* **THE TASK**
When you find the line with "ennreal) \<Rightarrow> (real" among the records below, reproduce it and each line after it exactly, ending with the line with "g 0 = x \<and>".

:::::

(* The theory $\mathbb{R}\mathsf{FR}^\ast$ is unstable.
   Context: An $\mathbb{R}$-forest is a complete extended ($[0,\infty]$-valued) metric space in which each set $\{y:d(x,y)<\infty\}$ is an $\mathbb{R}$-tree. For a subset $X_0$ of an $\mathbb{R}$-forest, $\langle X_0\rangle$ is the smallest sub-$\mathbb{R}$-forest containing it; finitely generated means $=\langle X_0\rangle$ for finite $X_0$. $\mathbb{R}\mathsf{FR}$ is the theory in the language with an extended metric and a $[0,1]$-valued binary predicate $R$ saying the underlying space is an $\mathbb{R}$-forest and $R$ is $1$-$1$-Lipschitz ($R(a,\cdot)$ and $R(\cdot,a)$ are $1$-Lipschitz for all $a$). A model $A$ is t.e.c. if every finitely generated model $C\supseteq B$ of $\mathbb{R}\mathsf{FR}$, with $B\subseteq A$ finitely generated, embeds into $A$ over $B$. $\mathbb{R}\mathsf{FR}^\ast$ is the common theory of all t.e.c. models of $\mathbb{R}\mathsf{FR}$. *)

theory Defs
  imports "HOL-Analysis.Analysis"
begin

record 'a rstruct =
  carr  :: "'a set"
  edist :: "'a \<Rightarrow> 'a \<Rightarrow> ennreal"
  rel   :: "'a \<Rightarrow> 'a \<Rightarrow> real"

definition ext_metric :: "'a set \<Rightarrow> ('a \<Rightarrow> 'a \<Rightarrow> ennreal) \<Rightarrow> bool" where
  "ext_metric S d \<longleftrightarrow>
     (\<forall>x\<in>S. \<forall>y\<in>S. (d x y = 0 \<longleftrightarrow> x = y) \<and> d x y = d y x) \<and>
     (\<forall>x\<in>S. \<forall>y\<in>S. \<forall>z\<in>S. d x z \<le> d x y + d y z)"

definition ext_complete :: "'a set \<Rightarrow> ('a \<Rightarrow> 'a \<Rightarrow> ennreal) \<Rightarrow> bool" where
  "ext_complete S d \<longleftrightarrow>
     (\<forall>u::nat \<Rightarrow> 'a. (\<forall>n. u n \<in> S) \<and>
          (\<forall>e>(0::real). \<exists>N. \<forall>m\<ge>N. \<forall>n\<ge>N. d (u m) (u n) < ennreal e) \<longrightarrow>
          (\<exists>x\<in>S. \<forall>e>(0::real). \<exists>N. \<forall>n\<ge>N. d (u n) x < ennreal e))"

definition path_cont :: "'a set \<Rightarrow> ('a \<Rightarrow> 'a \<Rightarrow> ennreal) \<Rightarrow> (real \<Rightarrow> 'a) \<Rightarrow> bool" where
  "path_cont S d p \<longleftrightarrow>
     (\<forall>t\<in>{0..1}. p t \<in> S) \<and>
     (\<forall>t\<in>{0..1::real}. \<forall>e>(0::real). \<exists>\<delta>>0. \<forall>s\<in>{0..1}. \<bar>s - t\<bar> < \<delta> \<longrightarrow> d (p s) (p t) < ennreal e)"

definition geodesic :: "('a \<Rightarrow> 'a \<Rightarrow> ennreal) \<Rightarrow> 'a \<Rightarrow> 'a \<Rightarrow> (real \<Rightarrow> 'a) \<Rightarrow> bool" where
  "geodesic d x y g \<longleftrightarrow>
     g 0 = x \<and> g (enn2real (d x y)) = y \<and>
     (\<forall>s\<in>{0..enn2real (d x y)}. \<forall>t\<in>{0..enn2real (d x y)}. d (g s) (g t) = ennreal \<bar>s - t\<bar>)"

:::::

* **TASK SOLUTION**
definition path_cont :: "'a set \<Rightarrow> ('a \<Rightarrow> 'a \<Rightarrow> ennreal) \<Rightarrow> (real \<Rightarrow> 'a) \<Rightarrow> bool" where
  "path_cont S d p \<longleftrightarrow>
     (\<forall>t\<in>{0..1}. p t \<in> S) \<and>
     (\<forall>t\<in>{0..1::real}. \<forall>e>(0::real). \<exists>\<delta>>0. \<forall>s\<in>{0..1}. \<bar>s - t\<bar> < \<delta> \<longrightarrow> d (p s) (p t) < ennreal e)"

definition geodesic :: "('a \<Rightarrow> 'a \<Rightarrow> ennreal) \<Rightarrow> 'a \<Rightarrow> 'a \<Rightarrow> (real \<Rightarrow> 'a) \<Rightarrow> bool" where
  "geodesic d x y g \<longleftrightarrow>
     g 0 = x \<and> g (enn2real (d x y)) = y \<and>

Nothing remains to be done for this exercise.